Another known system involves one vehicle bus that is connected to the train bus by two communication units that cooperate so that only one communication unit is active. The active communication unit receives and transfers data to and from the train bus. The vehicle bus connects a number of functional units in series, which can be doubled so that a defect unit can be by-passed and another unit can take over its function. A common vehicle bus gives a simpler system, as regards tool support, software implementation, testing and specification, but does also involve a risk that the entire vehicle bus can be disabled by particularly serious faults e.g. damaged cable, damaged connectors or reflections caused by a lost or loose termination.

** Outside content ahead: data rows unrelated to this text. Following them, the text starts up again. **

text \<open>The last hypothesis says that T is the \<theta>-tilt of P.\<close>
lemma lift_spin_le_refresh_resample:
  fixes P Q T :: "bool pmf"
  assumes "0 < \<theta>" "\<theta> < 1" "pmf P True \<le> pmf Q True"
    and "pmf T False * (pmf P False + \<theta> * pmf P True) = pmf P False"
  shows "rel_pmf (\<le>) (bind_pmf P (lift_spin \<theta>))
           (bind_pmf (bind_pmf Q (lift_spin \<theta>)) (\<lambda>a. if a = Star then return_pmf Star else map_pmf spin_of_bool T))"
proof (rule rel_pmf_spin_leI)
  show "pmf (bind_pmf P (lift_spin \<theta>)) Star
      \<le> pmf (bind_pmf (bind_pmf Q (lift_spin \<theta>)) (\<lambda>a. if a = Star then return_pmf Star else map_pmf spin_of_bool T)) Star"
    using assms by (simp add: pmf_bind_finite[of "bind_pmf Q _"] sum_UNIV_spin pmf_bind_lift_spin
        pmf_lift_spin pmf_map_spin_of_bool)
  have "(1 - \<theta>) * pmf P True \<le> (1 - \<theta>) * pmf Q True"
    using assms(2,3) by (intro mult_left_mono) auto
  then have "pmf Q False + \<theta> * pmf Q True \<le> pmf P False + \<theta> * pmf P True"
    by (simp add: pmf_False_conv_True algebra_simps)
  then have "(pmf Q False + \<theta> * pmf Q True) * pmf T False \<le> (pmf P False + \<theta> * pmf P True) * pmf T False"
    by (rule mult_right_mono) simp
  then show "pmf (bind_pmf (bind_pmf Q (lift_spin \<theta>)) (\<lambda>a. if a = Star then return_pmf Star else map_pmf spin_of_bool T)) Zero
      \<le> pmf (bind_pmf P (lift_spin \<theta>)) Zero"
    using assms by (simp add: pmf_bind_finite[of "bind_pmf Q _"] sum_UNIV_spin pmf_bind_lift_spin
        pmf_lift_spin pmf_map_spin_of_bool algebra_simps)
qed

lemma lifted_cond_site_le_alg_site:
  fixes \<mu> Z :: "('v::finite \<Rightarrow> bool) pmf"
  assumes "0 < \<theta>" "\<theta> < 1" "increasing_density \<mu> Z" "feasible (bind_pmf Z (lift \<theta>)) v Y"
  shows "rel_pmf (\<le>) (cond_site (lifted \<theta> \<mu>) v Y)
           (bind_pmf (cond_site (bind_pmf Z (lift \<theta>)) v Y) (\<lambda>a. alg_site \<theta> \<mu> v (Y(v := a))))"
proof -
  let ?s = "contr Y"
  have feasible_Z: "feasible Z v ?s"
    by (rule cond_site_bind_lift(1)[OF assms(1,2,4)])
  then have feasible_\<mu>: "feasible \<mu> v ?s"
    using assms(3) by (auto simp: feasible_iff_set_pmf increasing_density_def)
  have "set_pmf (bind_pmf Z (lift \<theta>)) \<subseteq> set_pmf (lifted \<theta> \<mu>)"
    using assms(3) by (auto simp: lifted_def increasing_density_def)
  then have "feasible (bind_pmf \<mu> (lift \<theta>)) v Y"
    using assms(4) by (auto simp: feasible_iff_set_pmf lifted_def)
  then have "cond_site (lifted \<theta> \<mu>) v Y = bind_pmf (cond_site \<mu> v ?s) (lift_spin \<theta>)"
    unfolding lifted_def by (rule cond_site_bind_lift(2)[OF assms(1,2)])
  moreover have "alg_site \<theta> \<mu> v (Y(v := a)) =
      (if a = Star then return_pmf Star else map_pmf spin_of_bool (cond_site (tilt \<theta> \<mu>) v ?s))" for a
  proof -
    have "feasible (tilt \<theta> \<mu>) v ?s"
      using feasible_\<mu> assms(1) by (simp add: feasible_iff_set_pmf set_pmf_tilt)
    moreover have "contr (Y(v := a)) = ?s(v := a \<noteq> Zero)"
      by (simp add: contr_def fun_eq_iff)
    ultimately show ?thesis
      by (simp add: alg_site_def cond_site_update)
  qed
  ultimately show ?thesis
    using assms(1,2)
    by (simp add: cond_site_bind_lift(2)[OF assms(1,2,4)] bind_assoc_pmf[symmetric]
        lift_spin_le_refresh_resample cond_site_le_of_increasing_density[OF assms(3) feasible_Z]
        cond_site_tilt_False[OF assms(1) feasible_\<mu>])
qed

lemma lifted_gd_step_le_alg_step:
  fixes \<mu> Z :: "('v::finite \<Rightarrow> bool) pmf"
  assumes "0 < \<theta>" "\<theta> < 1" "increasing_density \<mu> Z"
  shows "rel_pmf (\<le>) (bind_pmf (bind_pmf Z (lift \<theta>)) (gd_step (lifted \<theta> \<mu>)))
                     (bind_pmf (bind_pmf Z (lift \<theta>)) (alg_step \<theta> \<mu>))"
proof -
  let ?G = "bind_pmf Z (lift \<theta>)" and ?\<pi> = "lifted \<theta> \<mu>"
  have sub: "set_pmf ?G \<subseteq> set_pmf ?\<pi>"
    using assms(3) by (auto simp: lifted_def increasing_density_def)
  have site: "rel_pmf (\<le>) (bind_pmf ?G (\<lambda>X. map_pmf (\<lambda>a. X(v := a)) (cond_site ?\<pi> v X)))
                     (bind_pmf ?G (\<lambda>X. map_pmf (\<lambda>a. X(v := a)) (alg_site \<theta> \<mu> v X)))" for v
    unfolding bind_site_update_disintegrate[of ?G v _ Zero]
  proof (rule rel_pmf_bindI)
    let ?W = "map_pmf (\<lambda>X. X(v := Zero)) ?G"
    show "rel_pmf (\<lambda>Y Y'. Y = Y' \<and> Y \<in> set_pmf ?W) ?W ?W"
      by (rule rel_pmf_reflI) simp
    fix Y Y'
    assume "Y = Y' \<and> Y \<in> set_pmf ?W"
    then have "Y' = Y" and feasible_G: "feasible ?G v Y"
      by (auto simp: feasible_iff_set_pmf cyl_def)
    then have "feasible ?\<pi> v Y"
      using sub by (auto simp: feasible_iff_set_pmf)
    then have "bind_pmf (cond_site ?G v Y) (\<lambda>a. cond_site ?\<pi> v (Y(v := a))) = cond_site ?\<pi> v Y"
      by (simp add: cond_site_update)
    with lifted_cond_site_le_alg_site[OF assms feasible_G] \<open>Y' = Y\<close>
    show "rel_pmf (\<le>) (map_pmf (\<lambda>a. Y(v := a)) (bind_pmf (cond_site ?G v Y) (\<lambda>a. cond_site ?\<pi> v (Y(v := a)))))
        (map_pmf (\<lambda>a. Y'(v := a)) (bind_pmf (cond_site ?G v Y') (\<lambda>a. alg_site \<theta> \<mu> v (Y'(v := a)))))"
      by (simp add: pmf.rel_map) (erule pmf.rel_mono_strong, simp add: le_fun_def)
  qed
  show ?thesis
    unfolding gd_step_eq_site_update alg_step_eq_site_update bind_site_update
    by (rule rel_pmf_bindI[where R = "(=)"]) (simp_all add: pmf.rel_eq site)
qed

DESCRIPTION OF THE INVENTION

The purpose of the invention is to increase availability of rail bound vehicles by reducing the risk for vehicle standstill as the result of a fault in the communication and control system. The system should also be simple in respect of tool support, implementation of software, testing and specification.
A new system design makes it possible to disconnect the part of the communication network where a fault has occurred, and to drive the train with reduced functionality. It is a way to handle faults that otherwise could lead to a train standstill, with great consequences for railway traffic.
This new system design is also simple. The system can be run with less sophisticated software than a system as described above. A simpler procedure for locating faults and testing is also expected. For certain applications is redundancy of the vehicle bus no longer needed, as the new system design ensures availability of more than half of the system. This is an advantage as a non-redundant vehicle bus can be used, e.g. if a customer specification is that at least one of two traction units must be working. A non-redundant vehicle bus means lower hardware cost simpler installation and also requires simpler software than a system that handles redundant communication links.
A coupling device divides the vehicle bus in at least a first and a second segment that each are connected to the train bus via a communication unit. The communication units interact in such a way that the first one is active and the second is passive. Under normal operation conditions the two segments work as one single vehicle bus, in case of a fault on one of the segments, this segment will be disconnected, while the other segment is intact. The communication units co-operate in such a way that only the unit that connects the undamaged segment to the train bus is active. By disconnecting the segments the system is set into fallback mode. The functional unit that is connected to the fault-carrying segment is set into a predetermined status, which could mean, e.g. in traction units, change to manual manoeuvring of doors or a functional unit is set into passive status.
Each of the segments must comprise enough functions for the train to be moveable, but not all functions need to be on both segments. It might be desirable to have doubled units for handling functions that concern passenger safety, but only single units for functions that concern passenger comfort. It could be acceptable that the air-conditioning is not working or that one out of two traction units does not work, but it would but unacceptable if doors could not be opened.

FIGURES

Figure 1 a shows the system under normal operation condition.
Figure 1b shows the same system when a fault occurs.
Figure 1c shows the system in fallback mode.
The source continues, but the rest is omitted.